Furthermore, the degree of relative esotericism and intellectual radicalism in English-speaking postliberal ideational spaces is much greater than those found among mainstream illiberal institutions and actors in Eastern Europe. While there are also ‘far-right’ or ‘extreme right’ groups in Poland, Hungary, and elsewhere which would qualify as illiberal and also maintain truly extremist positions, they are not the norm. Rather, illiberal movements in these countries sit firmly in the broad right of their political spectra, are moderated at elite levels by actual access to and responsibility with political and institutional power, and do not primarily exist online or in specialized publications. This is very different from the postliberal ecosystem in the Anglo-American world and is a function of relative intellectual marginality and the overwhelming dominance of liberalism as a core characteristic of elite circles in the US and UK for many decades.
Until very recently, there was little evidence that mainstream illiberal elites have taken much by way of cues from postliberal writings, with a few exceptions primarily associated with Hungary. Prime Minister Orbán has indeed noted the interest among the Anglo-American illiberal right in Hungary and promotes elite networks in Europe and North America that highlight the Hungarian example. This asymmetric interaction may indeed grow thicker over time, as network connections mature and postliberal writers in the Anglophone world take advantage of the institutionalized apparatus of illiberal ‘thought collectives,’ civil society, and elite educational entities in Hungary, Poland, and elsewhere. Evidence of this includes visits by postliberal Catholic scholars and writers to Hungary to meet with Orbán personally as well as to participate in institutional events, meetings, and discussions.

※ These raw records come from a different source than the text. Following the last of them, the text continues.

lemma embed_ghz:
  assumes "f ` {..<m} \<subseteq> {..<N}"
  shows "embed N m f (ghz m {..<m} a b) = ghz N (f ` {..<m}) a b"
proof
  fix x :: "nat \<Rightarrow> bool"
  let ?y = "\<lambda>j. j < m \<and> x (f j)"
  have "?y \<in> basis m" by (simp add: basis_def)
  moreover have "(x \<in> basis N \<and> (\<forall>i<N. i \<notin> f ` {..<m} \<longrightarrow> \<not> x i)) \<longleftrightarrow>
                 (x \<in> basis N \<and> (\<forall>i. i \<notin> f ` {..<m} \<longrightarrow> \<not> x i))"
    by (auto simp: basis_def) (meson not_le)
  moreover have "(\<forall>i\<in>{..<m}. ?y i) \<longleftrightarrow> (\<forall>i\<in>f ` {..<m}. x i)" by auto
  moreover have "(\<forall>i\<in>{..<m}. \<not> ?y i) \<longleftrightarrow> (\<forall>i\<in>f ` {..<m}. \<not> x i)" by auto
  ultimately show "embed N m f (ghz m {..<m} a b) x = ghz N (f ` {..<m}) a b x"
    unfolding embed_def ghz_def by auto
qed

lemma locc_geq_ghz_imp_N_LE_ge:
  assumes "locc_geq N \<psi> m (ghz m {..<m} a a)" "cmod a = 1 / sqrt 2"
  shows "enat m \<le> N_LE N \<psi>"
proof -
  obtain f where "inj_on f {..<m}" and f_range: "f ` {..<m} \<subseteq> {..<N}" and
    reach: "locc_reach N {s. \<exists>c. cmod c = 1 \<and> s = (\<lambda>x. c * embed N m f (ghz m {..<m} a a) x)} \<psi>"
    using assms(1) unfolding locc_geq_def by blast
  define A where "A = f ` {..<m}"
  have "card A = m" unfolding A_def using \<open>inj_on f {..<m}\<close> by (simp add: card_image)
  have "A \<subseteq> {..<N}" "finite A" using f_range by (simp_all add: A_def)
  have "E_Bell N \<psi> \<alpha> \<beta>" if "\<alpha> \<in> A" "\<beta> \<in> A" "\<alpha> \<noteq> \<beta>" for \<alpha> \<beta>
    unfolding E_Bell_def
  proof (rule locc_reach_trans[OF reach])
    fix s assume "s \<in> {s. \<exists>c. cmod c = 1 \<and> s = (\<lambda>x. c * embed N m f (ghz m {..<m} a a) x)}"
    then obtain c where "cmod c = 1" and s: "s = (\<lambda>x. c * embed N m f (ghz m {..<m} a a) x)"
      by blast
    have "s = ghz N A (c * a) (c * a)"
      unfolding s embed_ghz[OF f_range] A_def by (auto simp: ghz_def fun_eq_iff)
    moreover have "E_Bell N (ghz N A (c * a) (c * a)) \<alpha> \<beta>"
      using \<open>finite A\<close> \<open>A \<subseteq> {..<N}\<close> that \<open>cmod c = 1\<close> assms(2)
      by (intro E_Bell_ghz) (simp_all add: norm_mult)
    ultimately show "locc_reach N (bell_target N \<alpha> \<beta>) s" by (simp add: E_Bell_def)
  qed
  then show ?thesis
    unfolding N_LE_def using \<open>card A = m\<close> \<open>A \<subseteq> {..<N}\<close> by (intro Sup_upper) blast
qed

While the growing term ‘postliberalism’ is in part simply a function of entrepreneurial branding by illiberal intellectual actors in Anglo-American countries, the inferred commitments of the ‘postliberal’ label also illustrates an important distinction: illiberal elites living in consolidated liberal societies for many generations in the West have different points of reference, social structures, and cultural toolkits in comparison to illiberal elites in post-communist states, which is reflected in differing degrees of ideological esotericism, perceptions of conceptual overlaps, and at the level of pragmatic politics. Illiberalism in Eastern Europe is politically substantive, institutionally pragmatic, and action-oriented while postliberalism (and its other labels) is still largely critique-generating, institutionally marginal, and discourse-oriented. It remains to be seen what will be taken substantively from both respective political and ideological projects over time, and to what degree friendly ‘meetings-of-the minds’ turn into more isomorphic or diffusion-oriented relationships.
Author’s Note: this analytic essay is derived from a longer working paper, “‘Illiberalism’ in the East But ‘Postliberalism’ in the West? Contrasting Elite Ideological Dissent from Eastern Europe to North America,” presented at the 2023 annual meeting of the Southern Political Science Association.
Dr. Julian G. Waller is an Associate Research Analyst at the Center for Naval Analyses, a Professorial Lecturer in Political Science at George Washington University, and a Visiting Scholar at the Institute for European, Russian and Eurasian Studies. All views are his own and do not represent his employers or affiliated organizations.